MAKING THE MOST OF OBSERVERSHIPS / EXTERNSHIPS...


If your residency application were a Cheese-Sandwich, then there is no arguing over the fact that externships and observerships add more cheese to your sandwich ;-) ! At the same time, do not underestimate your potential at the very place where you do the clinical term . Though not always, but often, an observership or an externship is not only an investment that YOU make, it's also a mini-investment that the program makes - because, for them, you could be a potential candidate in their program! Keep this in mind and work on improving your chances for a position in that program.

How do you do this ? Here are some ways :

1. Towards the end of your Observership term, shoot an email to the program director telling him how much you are impressed with the program, the work atmosphere for residents, quality of didactics, seminars or teaching your attending does on rounds, etc. etc. etc.

2. At the end of your observership term, drop in a direct or indirect hint to your attending doc, i.e. the one under whom you did the observership, that you are really keen on the program and would be great if he/she could communicate that to the Program Director.
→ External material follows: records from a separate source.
lemma sum_distinct_tuples_Suc:
  assumes "finite S"
  shows "(\<Sum>cs\<in>distinct_tuples (Suc r) S. f cs)
       = (\<Sum>c\<in>S. \<Sum>cs\<in>distinct_tuples r (S - {c}). f (c # cs))"
proof -
  let ?cons = "\<lambda>(c,cs). c#cs" and ?T = "SIGMA c:S. distinct_tuples r (S - {c})"
  have inj: "inj_on ?cons ?T" by (rule inj_onI) auto
  have fin: "\<And>c. finite (distinct_tuples r (S - {c}))" using finite_distinct_tuples assms by auto
  have "(\<Sum>cs\<in>distinct_tuples (Suc r) S. f cs) = (\<Sum>p\<in>?T. f (?cons p))"
    unfolding distinct_tuples_Suc using sum.reindex[OF inj] by simp
  also have "\<dots> = (\<Sum>c\<in>S. \<Sum>cs\<in>distinct_tuples r (S - {c}). f (c # cs))"
    using sum.Sigma[OF assms, of "\<lambda>c. distinct_tuples r (S - {c})", symmetric] fin
    by (simp add: case_prod_beta)
  finally show ?thesis .
qed

lemma power_le_sum_distinct_tuples:
  assumes "finite F" "\<forall>c\<in>F. 0 \<le> w c \<and> w c \<le> H" "0 \<le> H"
  shows "(max 0 (sum w F - real r * H)) ^ r \<le> (\<Sum>cs\<in>distinct_tuples r F. prod_list (map w cs))"
  using assms
proof (induction r arbitrary: F)
  case 0
  then show ?case by (simp add: distinct_tuples_0)
next
  case (Suc r)
  define D where "D = max 0 (sum w F - real (Suc r) * H)"
  have D0: "0 \<le> D" unfolding D_def by simp
  have S0: "0 \<le> sum w F" using Suc.prems(2) by (simp add: sum_nonneg)
  have DS: "D \<le> sum w F" unfolding D_def using S0 Suc.prems(3) by auto
  have inner: "D ^ r \<le> (\<Sum>cs\<in>distinct_tuples r (F - {c}). prod_list (map w cs))" if c: "c \<in> F" for c
  proof -
    have "sum w (F - {c}) = sum w F - w c" using sum_diff1[of F w c] Suc.prems(1) c by simp
    then have "D \<le> max 0 (sum w (F - {c}) - real r * H)"
      unfolding D_def using Suc.prems(2) c by (auto simp: algebra_simps)
    then have "D ^ r \<le> (max 0 (sum w (F - {c}) - real r * H)) ^ r"
      using D0 by (intro power_mono) auto
    also have "\<dots> \<le> (\<Sum>cs\<in>distinct_tuples r (F - {c}). prod_list (map w cs))"
      using Suc.IH[of "F - {c}"] Suc.prems by auto
    finally show ?thesis .
  qed
  have "D ^ Suc r = D * D ^ r" by simp
  also have "\<dots> \<le> sum w F * D ^ r" using DS D0 by (intro mult_right_mono) auto
  also have "\<dots> = (\<Sum>c\<in>F. w c * D ^ r)" by (simp add: sum_distrib_right)
  also have "\<dots> \<le> (\<Sum>c\<in>F. w c * (\<Sum>cs\<in>distinct_tuples r (F - {c}). prod_list (map w cs)))"
    using inner Suc.prems(2) by (intro sum_mono mult_left_mono) auto
  also have "\<dots> = (\<Sum>c\<in>F. \<Sum>cs\<in>distinct_tuples r (F - {c}). prod_list (map w (c # cs)))"
    by (simp add: sum_distrib_left)
  also have "\<dots> = (\<Sum>cs\<in>distinct_tuples (Suc r) F. prod_list (map w cs))"
    using sum_distinct_tuples_Suc[OF Suc.prems(1), of "\<lambda>cs. prod_list (map w cs)" r] by simp
  finally show ?case unfolding D_def .
qed

definition small_components ::
    "nat \<Rightarrow> 'a set \<Rightarrow> 'a set set \<Rightarrow> 'a set set \<Rightarrow> 'a set set" where
  "small_components s V M0 M1 = {C \<in> components_on V (M0 \<union> M1). card C \<le> s}"

definition component_moment ::
    "nat \<Rightarrow> nat \<Rightarrow> (nat \<Rightarrow> real) \<Rightarrow> 'a set \<Rightarrow> 'a set set \<Rightarrow> 'a set set \<Rightarrow> real" where
  "component_moment r s h V M0 M1 =
     (\<Sum>cs\<in>distinct_tuples r (small_components s V M0 M1).
        prod_list (map (\<lambda>C. h (card C)) cs))"

lemma component_moment_nonneg: "(\<And>k. 0 \<le> h k) \<Longrightarrow> 0 \<le> component_moment r s h V M0 M1"
  unfolding component_moment_def by (intro sum_nonneg prod_list_nonneg) auto

lemma finite_small_components:
  assumes "finite V" "M0 \<in> perfect_matchings_on V" "M1 \<in> perfect_matchings_on V"
  shows "finite (small_components s V M0 M1)"
proof -
  have "\<forall>e\<in>M0 \<union> M1. e \<subseteq> V" using assms(2,3) perfect_matching_edge_subset by blast
  then show ?thesis unfolding small_components_def using finite_components_on[OF _ assms(1)] by simp
qed

lemma component_moment_Suc:
  assumes fin: "finite V"
    and M0: "M0 \<in> perfect_matchings_on V" and M1: "M1 \<in> perfect_matchings_on V"
  shows "component_moment (Suc r) s h V M0 M1 = (\<Sum>C\<in>small_components s V M0 M1. h (card C) *
            component_moment r s h (V - C) (restrict_edges M0 (V - C)) (restrict_edges M1 (V - C)))"
proof -
  have rest: "small_components s V M0 M1 - {C}
      = small_components s (V - C) (restrict_edges M0 (V - C)) (restrict_edges M1 (V - C))"
    if "C \<in> small_components s V M0 M1" for C
  proof -
    interpret matching_component V M0 M1 C
      using fin M0 M1 that unfolding small_components_def by unfold_locales auto
    show ?thesis unfolding small_components_def using components_on_remove_component by auto
  qed
  let ?S = "small_components s V M0 M1" and ?w = "\<lambda>cs. prod_list (map (\<lambda>C. h (card C)) cs)"
  have "component_moment (Suc r) s h V M0 M1
      = (\<Sum>C\<in>?S. \<Sum>cs\<in>distinct_tuples r (?S - {C}). ?w (C # cs))"
    unfolding component_moment_def
    by (rule sum_distinct_tuples_Suc[OF finite_small_components[OF fin M0 M1]])
  also have "\<dots> = (\<Sum>C\<in>?S. h (card C) * (\<Sum>cs\<in>distinct_tuples r (?S - {C}). ?w cs))"
    by (simp add: sum_distrib_left)
  finally show ?thesis unfolding component_moment_def using rest by simp
qed

lemma sum_matchings_with_component_le:
  assumes fin: "finite V" and M0: "M0 \<in> perfect_matchings_on V" and C: "C \<in> edge_unions M0 V"
    and card_C: "card C = 2 * a" and f_nonneg: "\<And>B. 0 \<le> (f B :: real)"
  shows "(\<Sum>M1\<in>{M1 \<in> perfect_matchings_on V. C \<in> components_on V (M0 \<union> M1)}.
            f (restrict_edges M1 (V - C)))
         \<le> real (cycle_count a) * (\<Sum>B\<in>perfect_matchings_on (V - C). f B)"
proof -
  let ?P = "{M1 \<in> perfect_matchings_on V. C \<in> components_on V (M0 \<union> M1)}"
  let ?split = "\<lambda>M1. (restrict_edges M1 C, restrict_edges M1 (V - C))"
  let ?K = "connecting_matchings (restrict_edges M0 C) C"
  have inj: "inj_on ?split ?P"
  proof (rule inj_onI)
    fix M N assume M: "M \<in> ?P" and N: "N \<in> ?P" and eq: "?split M = ?split N"
    interpret M: matching_component V M0 M C using fin M0 M by unfold_locales auto
    interpret N: matching_component V M0 N C using fin M0 N by unfold_locales auto
    show "M = N" using M.M1_eq_Un_restrict N.M1_eq_Un_restrict eq by auto
  qed
  have img: "?split ` ?P \<subseteq> ?K \<times> perfect_matchings_on (V - C)"
  proof
    fix p assume "p \<in> ?split ` ?P"
    then obtain M where M: "M \<in> ?P" and p: "p = ?split M" by blast
    interpret matching_component V M0 M C using fin M0 M by unfold_locales auto
    show "p \<in> ?K \<times> perfect_matchings_on (V - C)"
      using restrict_M1_connecting perfect_matching_restrict_compl[OF M1 M1_splits] p by simp
  qed
  have CV: "C \<subseteq> V" and splits: "\<forall>e\<in>M0. e \<subseteq> C \<or> e \<subseteq> V - C"
    using C unfolding edge_unions_def by auto
  have finC: "finite C" using fin CV finite_subset by blast
  have fin2: "finite (?K \<times> perfect_matchings_on (V - C))"
    using finite_subset[OF connecting_matchings_subset finite_perfect_matchings_on[OF finC]]
      finite_perfect_matchings_on[of "V - C"] fin by simp
  have "(\<Sum>M1\<in>?P. f (restrict_edges M1 (V - C))) = (\<Sum>p\<in>?split ` ?P. f (snd p))"
    using sum.reindex[OF inj, of "\<lambda>p. f (snd p)"] by simp
  also have "\<dots> \<le> (\<Sum>p\<in>?K \<times> perfect_matchings_on (V - C). f (snd p))"
    using sum_mono2[OF fin2 img, of "\<lambda>p. f (snd p)"] f_nonneg by auto
  also have "\<dots> = (\<Sum>(A,B)\<in>?K \<times> perfect_matchings_on (V - C). f B)"
    by (simp add: case_prod_beta)
  also have "\<dots> = (\<Sum>A\<in>?K. \<Sum>B\<in>perfect_matchings_on (V - C). f B)"
    by (rule sum.cartesian_product[symmetric])
  also have "\<dots> = real (card ?K) * (\<Sum>B\<in>perfect_matchings_on (V - C). f B)" by simp
  also have "\<dots> \<le> real (cycle_count a) * (\<Sum>B\<in>perfect_matchings_on (V - C). f B)"
  proof -
    have "restrict_edges M0 C \<in> perfect_matchings_on C"
      using perfect_matching_restrict[OF M0 CV splits] .
    then have "card ?K \<le> cycle_count a" using card_connecting_matchings_le[OF finC _ card_C] by blast
    then show ?thesis using f_nonneg by (intro mult_right_mono sum_nonneg) auto
  qed
  finally show ?thesis .
qed

definition moment_factor :: "nat \<Rightarrow> (nat \<Rightarrow> real) \<Rightarrow> real" where
  "moment_factor s h = (\<Sum>a\<in>{1..s div 2}. 2 * h (2*a) / real a)"

lemma moment_factor_nonneg: "(\<And>k. 0 \<le> h k) \<Longrightarrow> 0 \<le> moment_factor s h"
  unfolding moment_factor_def by (intro sum_nonneg) auto

lemma sum_edge_unions_le:
  fixes s :: nat
  assumes M0: "M0 \<in> perfect_matchings_on V" and fin: "finite V" and card_V: "card V = 2*m"
    and \<phi>_nonneg: "\<And>a. 0 \<le> (\<phi> a :: real)"
  defines "U \<equiv> {C \<in> edge_unions M0 V. C \<noteq> {} \<and> card C \<le> s}"
  shows "(\<Sum>C\<in>U. \<phi> (card C div 2)) \<le> (\<Sum>a\<in>{1..s div 2}. real (m choose a) * \<phi> a)"
proof -
  have finU: "finite U" unfolding U_def edge_unions_def using fin by simp
  have even: "card C = 2 * (card C div 2)" "1 \<le> card C div 2" if "C \<in> U" for C
  proof -
    have "C \<subseteq> V" "C \<noteq> {}" using that unfolding U_def edge_unions_def by auto
    then have "card C > 0" using fin finite_subset by (simp add: card_gt_0_iff)
    then show "card C = 2 * (card C div 2)" "1 \<le> card C div 2"
      using card_edge_union[OF M0] that unfolding U_def by auto
  qed
  have "(\<Sum>C\<in>U. \<phi> (card C div 2))
      = (\<Sum>a\<in>(\<lambda>C. card C div 2) ` U. \<Sum>C\<in>{C \<in> U. card C div 2 = a}. \<phi> (card C div 2))"
    by (rule sum.image_gen[OF finU])
  also have "\<dots> = (\<Sum>a\<in>(\<lambda>C. card C div 2) ` U. real (card {C \<in> U. card C div 2 = a}) * \<phi> a)"
    by (intro sum.cong refl) auto
  also have "\<dots> \<le> (\<Sum>a\<in>{1..s div 2}. real (card {C \<in> U. card C div 2 = a}) * \<phi> a)"
  proof (rule sum_mono2)
    show "(\<lambda>C. card C div 2) ` U \<subseteq> {1..s div 2}"
    proof
      fix a assume "a \<in> (\<lambda>C. card C div 2) ` U"
      then obtain C where C: "C \<in> U" "a = card C div 2" by blast
      then have "card C \<le> s" unfolding U_def by simp
      then show "a \<in> {1..s div 2}" using even(2)[OF C(1)] C(2) by (simp add: div_le_mono)
    qed
  qed (use \<phi>_nonneg in auto)
  also have "\<dots> \<le> (\<Sum>a\<in>{1..s div 2}. real (m choose a) * \<phi> a)"
  proof (intro sum_mono mult_right_mono)
    fix a
    have "{C \<in> U. card C div 2 = a} \<subseteq> {C \<in> edge_unions M0 V. card C = 2*a}"
      using even unfolding U_def by auto
    moreover have "finite {C \<in> edge_unions M0 V. card C = 2*a}"
      using fin unfolding edge_unions_def by simp
    ultimately have "card {C \<in> U. card C div 2 = a} \<le> card {C \<in> edge_unions M0 V. card C = 2*a}"
      by (intro card_mono)
    then show "real (card {C \<in> U. card C div 2 = a}) \<le> real (m choose a)"
      using card_edge_unions_le[OF M0 fin card_V, of a] by linarith
  qed (use \<phi>_nonneg in auto)
  finally show ?thesis .
qed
Trust me, the program director and most faculty will already know about you through all those informal conversations and jokes that attendings exchange when they meet each other over coffee or lunch - but an active interest in the program from you can easily land you an interview in the program.

The Downside ?

Now, agreed that the specific program may not be your first choice and that you may have your eyes set on another program. Yet, you wish to have backups without hurting anyone - how would you handle that ?

Well, schedule your interview in that program towards the end ..or atleast AFTER your better interviews. That way, you will have a fair idea of your chances at the prevous programs and should a Pre-match offer come by, you are in a better position to handle things.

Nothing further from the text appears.